■ **TRY IT**:
Transcribe exactly the lines that begin the material and continue through the line containing "proof (rule finite_subset)". Leave out whatever follows.

■ ■ ■

lemma is_GC_append_blocks:
  "is_GC a b t Bs \<Longrightarrow> \<forall>B\<in>set Ds. is_block a b B \<Longrightarrow> is_GC a b t (Bs @ Ds)"
  unfolding is_GC_def by auto

lemma finite_blocks: "finite {B. is_block a b B}"
proof (rule finite_subset)
  show "{B. is_block a b B} \<subseteq>
      {B. \<forall>i. (i \<in> {..<length a} \<longrightarrow> B i \<in> Pow {..<sum_list a}) \<and> (i \<notin> {..<length a} \<longrightarrow> B i = {})}"
    by (force simp: is_block_def dest: elem_le_sum_list)
qed (intro finite_set_of_finite_funs; simp)

lemma admissible_contained_in_block:
  assumes le: "\<forall>i<length a. b!i \<le> a!i" and T: "admissible a b t T"
  obtains B where "is_block a b B" "contained_in T B"
proof -
  have "\<exists>Y. T i \<subseteq> Y \<and> Y \<subseteq> {..<a!i} \<and> card Y = b!i" if "i < length a" for i
    using exists_subset_between[of "T i" "b!i" "{..<a!i}"] le T that
    by (auto simp: admissible_def)
  then obtain Y where Y: "\<And>i. i < length a \<Longrightarrow> T i \<subseteq> Y i \<and> Y i \<subseteq> {..<a!i} \<and> card (Y i) = b!i"
    by metis
  define B where "B = (\<lambda>i. if i < length a then Y i else {})"
  have "is_block a b B" using Y by (auto simp: is_block_def B_def)
  moreover have "contained_in T B"
    using Y T by (auto simp: contained_in_def B_def admissible_def)
  ultimately show ?thesis using that by blast
qed

lemma is_GC_exists:
  assumes "\<forall>i<length a. b!i \<le> a!i"
  shows "\<exists>Bs. is_GC a b t Bs"
proof -
  obtain Bs where Bs: "set Bs = {B. is_block a b B}"
    using finite_list[OF finite_blocks] by blast
  have "is_GC a b t Bs"
    unfolding is_GC_def Bs using admissible_contained_in_block[OF assms] by blast
  then show ?thesis ..
qed

lemma C_obtains_GC:
  assumes "\<forall>i<length a. b!i \<le> a!i"
  obtains Bs where "is_GC a b t Bs" "length Bs = C a b t"
  using LeastI_ex[where P = "\<lambda>N. \<exists>Bs. is_GC a b t Bs \<and> length Bs = N"] is_GC_exists[OF assms]
  unfolding C_def by blast

lemma C_le_length: "is_GC a b t Bs \<Longrightarrow> C a b t \<le> length Bs"
  unfolding C_def by (rule Least_le) blast

lemma is_GC_of_length:
  assumes le: "\<forall>i<length a. b!i \<le> a!i" and N: "C a b t \<le> N"
  obtains Bs where "is_GC a b t Bs" "length Bs = N"
proof -
  obtain Bs where Bs: "is_GC a b t Bs" "length Bs = C a b t"
    using C_obtains_GC[OF le] .
  define B\<^sub>0 where "B\<^sub>0 = (\<lambda>i. if i < length a then {..<b!i} else {})"
  have "is_block a b B\<^sub>0" using le by (auto simp: is_block_def B\<^sub>0_def)
  then have "is_GC a b t (Bs @ replicate (N - C a b t) B\<^sub>0)"
    using is_GC_append_blocks[OF Bs(1)] by simp
  moreover have "length (Bs @ replicate (N - C a b t) B\<^sub>0) = N" using Bs(2) N by simp
  ultimately show ?thesis using that by blast
qed

text \<open>The \<open>s\<close>-th window \<open>[s b\<^sub>i, (s+1) b\<^sub>i)\<close> of each ground set, shifted left where
necessary so that it stays inside \<open>{..<a\<^sub>i}\<close>.\<close>

definition window_block :: "nat list \<Rightarrow> nat list \<Rightarrow> nat \<Rightarrow> nat \<Rightarrow> nat set" where
  "window_block a b s = (\<lambda>i. if i < length a
     then {min (s * b!i) (a!i - b!i) ..< min (s * b!i) (a!i - b!i) + b!i} else {})"

lemma is_block_window_block:
  assumes "\<forall>i<length a. b!i \<le> a!i"
  shows "is_block a b (window_block a b s)"
proof -
  have "min (s * b!i) (a!i - b!i) + b!i \<le> a!i" if "i < length a" for i
    using assms[rule_format, OF that] by (simp add: min_def le_diff_conv2)
  then show ?thesis unfolding is_block_def window_block_def by fastforce
qed

lemma mem_window_block:
  assumes "i < length a" "0 < b!i" "x < a!i"
  shows "x \<in> window_block a b (x div b!i) i"
proof -
  have "x div b!i * b!i \<le> x" "x < x div b!i * b!i + b!i"
    using assms(2) div_mult_mod_eq[of x "b!i"] mod_less_divisor[of "b!i" x] by linarith+
  then show ?thesis using assms by (auto simp: window_block_def min_le_iff_disj)
qed

lemma div_less_nat_ceiling:
  fixes x a b :: nat
  assumes "x < a" "0 < b"
  shows "x div b < nat \<lceil>real a / real b\<rceil>"
proof -
  have "x div b * b < a" using assms(1) div_times_less_eq_dividend le_less_trans by blast
  then have "real (x div b) < real a / real b"
    using assms(2) by (simp add: field_simps flip: of_nat_mult)
  also have "\<dots> \<le> of_int \<lceil>real a / real b\<rceil>" by (rule le_of_int_ceiling)
  finally show ?thesis by linarith
qed

lemma is_GC_one_by_windows:
  assumes "\<forall>i<length a. 0 < b!i \<and> b!i \<le> a!i"
  obtains Ps where "is_GC a b 1 Ps"
    "length Ps = (MAX i\<in>{..<length a}. nat \<lceil>real (a!i) / real (b!i)\<rceil>)"
proof
  let ?M = "MAX i\<in>{..<length a}. nat \<lceil>real (a!i) / real (b!i)\<rceil>"
  show "length (map (window_block a b) [0..<?M]) = ?M" by simp
  show "is_GC a b 1 (map (window_block a b) [0..<?M])"
    unfolding is_GC_def
  proof (intro conjI ballI allI impI)
    fix B assume "B \<in> set (map (window_block a b) [0..<?M])"
    then show "is_block a b B" using assms is_block_window_block by auto
  next
    fix T assume "admissible a b 1 T"
    then obtain i x where i: "i < length a" "x < a!i" and T: "T = (\<lambda>j. if j = i then {x} else {})"
      by (rule admissible_one_eq_singleton)
    have "x div b!i < nat \<lceil>real (a!i) / real (b!i)\<rceil>"
      using i assms div_less_nat_ceiling by blast
    also have "\<dots> \<le> ?M" using i by (intro Max_ge) auto
    finally have "window_block a b (x div b!i) \<in> set (map (window_block a b) [0..<?M])"
      by simp
    moreover have "contained_in T (window_block a b (x div b!i))"
      using mem_window_block[OF i(1) _ i(2)] assms i(1) by (simp add: contained_in_def T)
    ultimately show "\<exists>B\<in>set (map (window_block a b) [0..<?M]). contained_in T B" by blast
  qed
qed

lemma is_GC_two_append:
  assumes len: "length b = length a"
    and Bs: "is_GC a b 2 Bs" and Ds: "is_GC c d 2 Ds" and same_length: "length Bs = length Ds"
    and Ps: "is_GC a b 1 Ps" and Qs: "is_GC c d 1 Qs"
  shows "is_GC (a @ c) (b @ d) 2
    (map2 (cat_tuple (length a)) Bs Ds @ [cat_tuple (length a) P Q. P \<leftarrow> Ps, Q \<leftarrow> Qs])"
    (is "is_GC _ _ _ (?paired @ ?products)")
  unfolding is_GC_def
proof (intro conjI ballI allI impI)
  fix B assume "B \<in> set (?paired @ ?products)"
  then consider (paired) B' D' where "(B', D') \<in> set (zip Bs Ds)" "B = cat_tuple (length a) B' D'"
    | (product) P Q where "P \<in> set Ps" "Q \<in> set Qs" "B = cat_tuple (length a) P Q"
    by auto
  then show "is_block (a @ c) (b @ d) B"
  proof cases
    case paired
    then have "B' \<in> set Bs" "D' \<in> set Ds" by (auto dest: set_zip_leftD set_zip_rightD)
    with Bs Ds show ?thesis unfolding is_GC_def paired(2) by (simp add: is_block_cat_tuple[OF len])
  next
    case product
    with Ps Qs show ?thesis unfolding is_GC_def product(3) by (simp add: is_block_cat_tuple[OF len])
  qed
next
  fix T assume "admissible (a @ c) (b @ d) 2 T"
  then obtain S U t\<^sub>1 t\<^sub>2 where T: "T = cat_tuple (length a) S U"
    and S: "admissible a b t\<^sub>1 S" and U: "admissible c d t\<^sub>2 U" and t: "t\<^sub>1 + t\<^sub>2 = 2"
    by (rule admissible_append_split[OF len])
  have empty_contained: "contained_in (\<lambda>_. {}) B" for B :: "nat \<Rightarrow> nat set"
    by (simp add: contained_in_def)
  consider "t\<^sub>1 = 2" "t\<^sub>2 = 0" | "t\<^sub>1 = 0" "t\<^sub>2 = 2" | "t\<^sub>1 = 1" "t\<^sub>2 = 1" using t by linarith
  then show "\<exists>B\<in>set (?paired @ ?products). contained_in T B"
  proof cases
    case 1
    obtain B where "B \<in> set Bs" and SB: "contained_in S B" using Bs S 1 by (auto simp: is_GC_def)
    then obtain D where "(B, D) \<in> set (zip Bs Ds)" using same_length in_set_impl_in_set_zip1 by metis
    then have "cat_tuple (length a) B D \<in> set ?paired" by force
    moreover have "contained_in T (cat_tuple (length a) B D)"
      using admissible_zero_eq_empty[OF U[unfolded 1(2)]] contained_in_cat_tuple[OF SB empty_contained]
      unfolding T by simp
    ultimately show ?thesis by auto
  next
    case 2
    obtain D where "D \<in> set Ds" and UD: "contained_in U D" using Ds U 2 by (auto simp: is_GC_def)
    then obtain B where "(B, D) \<in> set (zip Bs Ds)" using same_length in_set_impl_in_set_zip2 by metis
    then have "cat_tuple (length a) B D \<in> set ?paired" by force
    moreover have "contained_in T (cat_tuple (length a) B D)"
      using admissible_zero_eq_empty[OF S[unfolded 2(1)]] contained_in_cat_tuple[OF empty_contained UD]
      unfolding T by simp
    ultimately show ?thesis by auto
  next
    case 3
    obtain P where "P \<in> set Ps" and SP: "contained_in S P"
      using Ps S unfolding 3 is_GC_def by blast
    obtain Q where "Q \<in> set Qs" and UQ: "contained_in U Q"
      using Qs U unfolding 3 is_GC_def by blast
    then have "cat_tuple (length a) P Q \<in> set ?products" using \<open>P \<in> set Ps\<close> by auto
    then show ?thesis using contained_in_cat_tuple[OF SP UQ] unfolding T by auto
  qed
qed

theorem corollary6p4:
  fixes v k w l :: "nat list"
  assumes "length k = length v" and "length l = length w"
    and "\<forall>i<length v. 0 < k!i \<and> k!i \<le> v!i"
    and "\<forall>i<length w. 0 < l!i \<and> l!i \<le> w!i"
    and "sum_list k \<ge> 2" and "sum_list l \<ge> 2"
  shows "C (v @ w) (k @ l) 2 \<le> max (C v k 2) (C w l 2)
           + (MAX i\<in>{..<length v}. nat \<lceil>real (v!i) / real (k!i)\<rceil>)
           * (MAX i\<in>{..<length w}. nat \<lceil>real (w!i) / real (l!i)\<rceil>)"
proof -
  let ?N = "max (C v k 2) (C w l 2)"
  obtain Bs where Bs: "is_GC v k 2 Bs" "length Bs = ?N"
    using is_GC_of_length[of v k 2 ?N] assms(3) by auto
  obtain Ds where Ds: "is_GC w l 2 Ds" "length Ds = ?N"
    using is_GC_of_length[of w l 2 ?N] assms(4) by auto
  obtain Ps where Ps: "is_GC v k 1 Ps"
    "length Ps = (MAX i\<in>{..<length v}. nat \<lceil>real (v!i) / real (k!i)\<rceil>)"
    using is_GC_one_by_windows assms(3) by blast
  obtain Qs where Qs: "is_GC w l 1 Qs"
    "length Qs = (MAX i\<in>{..<length w}. nat \<lceil>real (w!i) / real (l!i)\<rceil>)"
    using is_GC_one_by_windows assms(4) by blast
  have "C (v @ w) (k @ l) 2 \<le>
      length (map2 (cat_tuple (length v)) Bs Ds @ [cat_tuple (length v) P Q. P \<leftarrow> Ps, Q \<leftarrow> Qs])"
    using assms(1) Bs Ds Ps Qs by (intro C_le_length is_GC_two_append) simp_all
  also have "\<dots> = ?N + length Ps * length Qs"
    using Bs(2) Ds(2) by (simp add: length_concat comp_def sum_list_triv)
  finally show ?thesis using Ps(2) Qs(2) by simp
qed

■ ■ ■

■ **RESPONSE**:
lemma is_GC_append_blocks:
  "is_GC a b t Bs \<Longrightarrow> \<forall>B\<in>set Ds. is_block a b B \<Longrightarrow> is_GC a b t (Bs @ Ds)"
  unfolding is_GC_def by auto

lemma finite_blocks: "finite {B. is_block a b B}"
proof (rule finite_subset)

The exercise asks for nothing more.